[Saved data entries]
-- Opening Marker --
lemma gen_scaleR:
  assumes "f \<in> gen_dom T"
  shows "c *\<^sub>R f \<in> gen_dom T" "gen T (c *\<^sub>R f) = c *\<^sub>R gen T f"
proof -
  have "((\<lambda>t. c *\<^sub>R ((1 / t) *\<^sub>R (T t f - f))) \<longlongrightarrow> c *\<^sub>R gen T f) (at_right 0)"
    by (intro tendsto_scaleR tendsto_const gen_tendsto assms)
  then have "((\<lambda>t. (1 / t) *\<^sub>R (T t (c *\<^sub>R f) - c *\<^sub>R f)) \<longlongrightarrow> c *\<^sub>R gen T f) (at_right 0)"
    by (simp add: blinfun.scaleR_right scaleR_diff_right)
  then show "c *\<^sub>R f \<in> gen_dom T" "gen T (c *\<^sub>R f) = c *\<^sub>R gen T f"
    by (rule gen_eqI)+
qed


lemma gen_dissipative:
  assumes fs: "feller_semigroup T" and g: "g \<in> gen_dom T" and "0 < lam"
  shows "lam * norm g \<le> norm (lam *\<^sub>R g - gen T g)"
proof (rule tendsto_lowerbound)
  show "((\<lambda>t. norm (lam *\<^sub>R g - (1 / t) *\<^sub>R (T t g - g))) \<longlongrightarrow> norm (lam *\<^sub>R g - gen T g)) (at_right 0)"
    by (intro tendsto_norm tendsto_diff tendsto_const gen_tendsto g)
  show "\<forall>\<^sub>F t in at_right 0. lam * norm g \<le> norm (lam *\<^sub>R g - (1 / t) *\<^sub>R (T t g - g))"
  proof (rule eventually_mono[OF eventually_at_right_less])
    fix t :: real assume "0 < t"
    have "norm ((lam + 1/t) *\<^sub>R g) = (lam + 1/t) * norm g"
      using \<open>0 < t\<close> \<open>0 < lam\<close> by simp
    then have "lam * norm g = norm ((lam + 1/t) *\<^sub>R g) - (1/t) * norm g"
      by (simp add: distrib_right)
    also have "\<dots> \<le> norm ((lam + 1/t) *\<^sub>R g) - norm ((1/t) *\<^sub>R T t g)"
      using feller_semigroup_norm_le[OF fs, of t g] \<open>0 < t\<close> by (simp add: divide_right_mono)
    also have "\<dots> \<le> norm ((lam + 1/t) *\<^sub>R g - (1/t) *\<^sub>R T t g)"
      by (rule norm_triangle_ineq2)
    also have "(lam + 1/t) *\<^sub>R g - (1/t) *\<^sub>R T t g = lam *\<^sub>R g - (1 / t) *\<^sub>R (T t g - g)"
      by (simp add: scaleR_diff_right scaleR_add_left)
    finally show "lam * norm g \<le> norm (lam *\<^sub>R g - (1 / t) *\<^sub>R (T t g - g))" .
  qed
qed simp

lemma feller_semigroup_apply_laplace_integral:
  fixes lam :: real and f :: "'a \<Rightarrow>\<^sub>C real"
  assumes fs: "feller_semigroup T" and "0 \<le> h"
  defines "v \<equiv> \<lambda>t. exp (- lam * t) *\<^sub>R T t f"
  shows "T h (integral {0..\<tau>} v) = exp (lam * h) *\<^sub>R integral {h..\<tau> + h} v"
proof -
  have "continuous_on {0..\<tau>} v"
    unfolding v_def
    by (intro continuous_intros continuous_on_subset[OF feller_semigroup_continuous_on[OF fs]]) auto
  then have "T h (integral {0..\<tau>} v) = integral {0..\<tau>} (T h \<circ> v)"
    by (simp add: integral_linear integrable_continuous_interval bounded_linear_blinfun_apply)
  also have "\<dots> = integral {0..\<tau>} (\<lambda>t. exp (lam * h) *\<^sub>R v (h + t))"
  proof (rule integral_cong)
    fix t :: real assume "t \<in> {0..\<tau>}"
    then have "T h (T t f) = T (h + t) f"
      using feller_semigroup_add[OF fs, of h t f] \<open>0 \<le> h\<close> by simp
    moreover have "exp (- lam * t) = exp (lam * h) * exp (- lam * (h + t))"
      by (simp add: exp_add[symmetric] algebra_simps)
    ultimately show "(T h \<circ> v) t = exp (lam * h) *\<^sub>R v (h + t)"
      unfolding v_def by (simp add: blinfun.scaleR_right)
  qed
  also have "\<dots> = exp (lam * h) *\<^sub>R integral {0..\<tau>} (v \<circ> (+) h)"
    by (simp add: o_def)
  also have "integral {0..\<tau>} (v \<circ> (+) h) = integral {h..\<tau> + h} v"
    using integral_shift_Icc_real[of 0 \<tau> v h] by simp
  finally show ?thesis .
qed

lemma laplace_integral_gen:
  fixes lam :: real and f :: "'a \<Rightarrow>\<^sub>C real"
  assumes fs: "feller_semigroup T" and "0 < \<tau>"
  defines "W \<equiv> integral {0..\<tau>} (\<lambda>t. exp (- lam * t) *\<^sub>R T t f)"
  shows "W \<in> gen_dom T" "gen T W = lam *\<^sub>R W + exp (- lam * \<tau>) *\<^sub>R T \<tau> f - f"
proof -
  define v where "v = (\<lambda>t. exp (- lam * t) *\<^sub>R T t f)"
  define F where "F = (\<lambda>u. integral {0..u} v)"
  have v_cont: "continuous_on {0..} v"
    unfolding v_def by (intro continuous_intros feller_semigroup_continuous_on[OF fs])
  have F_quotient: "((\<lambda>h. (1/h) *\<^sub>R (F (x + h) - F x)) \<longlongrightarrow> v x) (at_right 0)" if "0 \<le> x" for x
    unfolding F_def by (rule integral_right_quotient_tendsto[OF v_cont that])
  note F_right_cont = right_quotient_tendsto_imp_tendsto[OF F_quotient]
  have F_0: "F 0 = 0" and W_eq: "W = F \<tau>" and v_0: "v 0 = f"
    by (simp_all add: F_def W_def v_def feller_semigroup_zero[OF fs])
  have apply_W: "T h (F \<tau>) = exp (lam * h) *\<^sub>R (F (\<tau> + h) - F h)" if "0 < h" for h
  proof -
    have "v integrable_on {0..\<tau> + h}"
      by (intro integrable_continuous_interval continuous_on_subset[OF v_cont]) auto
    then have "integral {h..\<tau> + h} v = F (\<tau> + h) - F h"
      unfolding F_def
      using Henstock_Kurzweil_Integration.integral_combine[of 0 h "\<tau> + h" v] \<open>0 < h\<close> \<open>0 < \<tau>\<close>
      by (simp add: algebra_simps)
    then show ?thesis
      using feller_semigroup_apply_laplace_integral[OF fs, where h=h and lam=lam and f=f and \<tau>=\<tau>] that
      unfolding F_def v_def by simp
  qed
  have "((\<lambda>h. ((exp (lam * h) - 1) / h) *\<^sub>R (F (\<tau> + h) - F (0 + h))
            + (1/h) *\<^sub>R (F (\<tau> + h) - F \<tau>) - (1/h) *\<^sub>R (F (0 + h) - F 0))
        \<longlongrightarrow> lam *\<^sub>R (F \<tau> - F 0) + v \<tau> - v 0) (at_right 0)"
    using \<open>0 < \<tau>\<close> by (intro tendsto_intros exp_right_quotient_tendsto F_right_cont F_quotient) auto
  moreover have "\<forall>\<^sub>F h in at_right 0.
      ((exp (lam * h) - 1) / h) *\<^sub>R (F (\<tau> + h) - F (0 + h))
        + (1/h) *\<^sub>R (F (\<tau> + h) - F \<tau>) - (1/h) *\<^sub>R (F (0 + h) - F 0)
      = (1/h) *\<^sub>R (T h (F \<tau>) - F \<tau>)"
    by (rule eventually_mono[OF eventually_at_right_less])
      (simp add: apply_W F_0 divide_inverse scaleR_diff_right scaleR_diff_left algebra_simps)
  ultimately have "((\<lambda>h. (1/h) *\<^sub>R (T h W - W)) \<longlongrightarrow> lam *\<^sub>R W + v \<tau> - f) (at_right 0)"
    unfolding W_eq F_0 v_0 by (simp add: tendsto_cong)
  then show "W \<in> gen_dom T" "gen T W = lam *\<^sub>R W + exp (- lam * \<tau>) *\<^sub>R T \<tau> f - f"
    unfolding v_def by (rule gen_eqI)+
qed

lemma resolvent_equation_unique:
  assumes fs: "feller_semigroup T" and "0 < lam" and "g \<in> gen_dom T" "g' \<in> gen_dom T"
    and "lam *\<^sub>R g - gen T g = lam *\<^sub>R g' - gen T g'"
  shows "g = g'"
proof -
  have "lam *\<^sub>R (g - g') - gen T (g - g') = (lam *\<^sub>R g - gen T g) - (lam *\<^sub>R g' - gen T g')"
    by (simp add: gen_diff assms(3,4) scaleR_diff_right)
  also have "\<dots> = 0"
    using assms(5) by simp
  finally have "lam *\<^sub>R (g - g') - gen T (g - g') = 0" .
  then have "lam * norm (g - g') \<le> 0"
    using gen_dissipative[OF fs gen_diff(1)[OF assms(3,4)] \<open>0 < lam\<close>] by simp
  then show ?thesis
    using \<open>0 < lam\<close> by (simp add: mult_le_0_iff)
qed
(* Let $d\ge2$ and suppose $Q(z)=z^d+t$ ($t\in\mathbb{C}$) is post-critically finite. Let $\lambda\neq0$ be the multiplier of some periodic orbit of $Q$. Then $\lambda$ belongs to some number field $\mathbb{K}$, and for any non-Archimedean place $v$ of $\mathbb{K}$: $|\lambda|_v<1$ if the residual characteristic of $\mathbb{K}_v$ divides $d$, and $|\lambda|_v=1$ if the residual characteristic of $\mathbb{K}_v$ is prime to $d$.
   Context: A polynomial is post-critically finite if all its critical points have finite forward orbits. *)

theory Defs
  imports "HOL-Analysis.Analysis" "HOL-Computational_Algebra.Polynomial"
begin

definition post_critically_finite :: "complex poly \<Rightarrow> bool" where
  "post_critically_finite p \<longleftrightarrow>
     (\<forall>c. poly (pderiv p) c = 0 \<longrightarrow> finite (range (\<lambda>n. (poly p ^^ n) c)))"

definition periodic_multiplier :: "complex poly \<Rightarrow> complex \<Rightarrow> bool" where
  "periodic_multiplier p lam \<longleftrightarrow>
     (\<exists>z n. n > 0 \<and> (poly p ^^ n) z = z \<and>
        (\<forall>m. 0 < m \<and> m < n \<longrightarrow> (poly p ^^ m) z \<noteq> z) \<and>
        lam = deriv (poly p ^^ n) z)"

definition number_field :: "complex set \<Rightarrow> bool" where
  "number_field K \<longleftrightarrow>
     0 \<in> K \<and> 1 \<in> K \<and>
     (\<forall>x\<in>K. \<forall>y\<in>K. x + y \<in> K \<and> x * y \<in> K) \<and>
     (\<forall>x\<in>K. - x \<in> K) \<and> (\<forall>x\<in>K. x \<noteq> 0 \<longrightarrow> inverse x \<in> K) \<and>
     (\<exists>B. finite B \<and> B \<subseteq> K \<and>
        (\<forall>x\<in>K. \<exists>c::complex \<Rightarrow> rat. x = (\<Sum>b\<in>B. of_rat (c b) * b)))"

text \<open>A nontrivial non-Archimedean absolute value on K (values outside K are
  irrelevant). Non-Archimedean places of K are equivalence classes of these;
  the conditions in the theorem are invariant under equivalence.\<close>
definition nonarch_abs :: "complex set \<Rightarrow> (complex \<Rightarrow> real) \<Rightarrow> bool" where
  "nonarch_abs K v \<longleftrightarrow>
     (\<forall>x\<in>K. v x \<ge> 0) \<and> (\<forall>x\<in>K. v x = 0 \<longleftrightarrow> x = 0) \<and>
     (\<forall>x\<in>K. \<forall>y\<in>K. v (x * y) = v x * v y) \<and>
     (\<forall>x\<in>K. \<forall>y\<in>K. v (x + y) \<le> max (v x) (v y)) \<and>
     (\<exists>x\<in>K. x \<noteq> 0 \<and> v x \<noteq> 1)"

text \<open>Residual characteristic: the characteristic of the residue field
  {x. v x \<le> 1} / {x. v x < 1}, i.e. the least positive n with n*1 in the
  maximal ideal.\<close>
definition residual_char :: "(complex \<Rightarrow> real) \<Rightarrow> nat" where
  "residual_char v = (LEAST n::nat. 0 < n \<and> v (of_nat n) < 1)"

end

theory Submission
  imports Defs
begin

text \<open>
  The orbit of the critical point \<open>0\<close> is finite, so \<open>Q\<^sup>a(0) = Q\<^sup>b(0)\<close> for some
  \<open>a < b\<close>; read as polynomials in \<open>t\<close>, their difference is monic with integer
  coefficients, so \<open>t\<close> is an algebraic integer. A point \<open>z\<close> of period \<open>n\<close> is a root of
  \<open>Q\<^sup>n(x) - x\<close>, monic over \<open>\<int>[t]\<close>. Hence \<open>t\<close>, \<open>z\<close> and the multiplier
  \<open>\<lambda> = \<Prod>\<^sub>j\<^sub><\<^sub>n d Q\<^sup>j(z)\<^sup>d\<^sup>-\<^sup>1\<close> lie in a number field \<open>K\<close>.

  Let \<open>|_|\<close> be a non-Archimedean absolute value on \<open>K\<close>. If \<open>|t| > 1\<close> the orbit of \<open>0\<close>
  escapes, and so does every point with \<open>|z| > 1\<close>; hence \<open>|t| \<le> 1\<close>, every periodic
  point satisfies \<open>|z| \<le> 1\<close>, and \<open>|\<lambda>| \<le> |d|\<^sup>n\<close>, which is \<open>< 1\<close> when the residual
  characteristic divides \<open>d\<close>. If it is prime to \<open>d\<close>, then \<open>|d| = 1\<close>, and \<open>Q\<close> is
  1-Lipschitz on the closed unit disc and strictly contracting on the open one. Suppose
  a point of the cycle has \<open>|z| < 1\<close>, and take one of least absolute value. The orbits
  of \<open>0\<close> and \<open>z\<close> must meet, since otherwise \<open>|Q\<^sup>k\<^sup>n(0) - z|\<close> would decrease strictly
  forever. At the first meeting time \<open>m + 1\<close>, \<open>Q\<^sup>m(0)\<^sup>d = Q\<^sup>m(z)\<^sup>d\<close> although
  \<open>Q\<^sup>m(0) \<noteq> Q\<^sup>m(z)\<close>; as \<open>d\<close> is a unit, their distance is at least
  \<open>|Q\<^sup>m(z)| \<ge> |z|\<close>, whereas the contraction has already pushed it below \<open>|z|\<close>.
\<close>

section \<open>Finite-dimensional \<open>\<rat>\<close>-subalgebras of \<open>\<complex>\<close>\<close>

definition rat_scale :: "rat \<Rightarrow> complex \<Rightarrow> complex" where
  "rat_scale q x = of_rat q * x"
-- Closing Marker --
### WHAT YOU HAVE TO DO
Lines from the one containing "point satisfies \<open>|z|" through the final line of the entries above are to be output exactly; omit all others.

### SOLUTION FOR THIS EXERCISE
  point satisfies \<open>|z| \<le> 1\<close>, and \<open>|\<lambda>| \<le> |d|\<^sup>n\<close>, which is \<open>< 1\<close> when the residual
  characteristic divides \<open>d\<close>. If it is prime to \<open>d\<close>, then \<open>|d| = 1\<close>, and \<open>Q\<close> is
  1-Lipschitz on the closed unit disc and strictly contracting on the open one. Suppose
  a point of the cycle has \<open>|z| < 1\<close>, and take one of least absolute value. The orbits
  of \<open>0\<close> and \<open>z\<close> must meet, since otherwise \<open>|Q\<^sup>k\<^sup>n(0) - z|\<close> would decrease strictly
  forever. At the first meeting time \<open>m + 1\<close>, \<open>Q\<^sup>m(0)\<^sup>d = Q\<^sup>m(z)\<^sup>d\<close> although
  \<open>Q\<^sup>m(0) \<noteq> Q\<^sup>m(z)\<close>; as \<open>d\<close> is a unit, their distance is at least
  \<open>|Q\<^sup>m(z)| \<ge> |z|\<close>, whereas the contraction has already pushed it below \<open>|z|\<close>.
\<close>

section \<open>Finite-dimensional \<open>\<rat>\<close>-subalgebras of \<open>\<complex>\<close>\<close>

definition rat_scale :: "rat \<Rightarrow> complex \<Rightarrow> complex" where
  "rat_scale q x = of_rat q * x"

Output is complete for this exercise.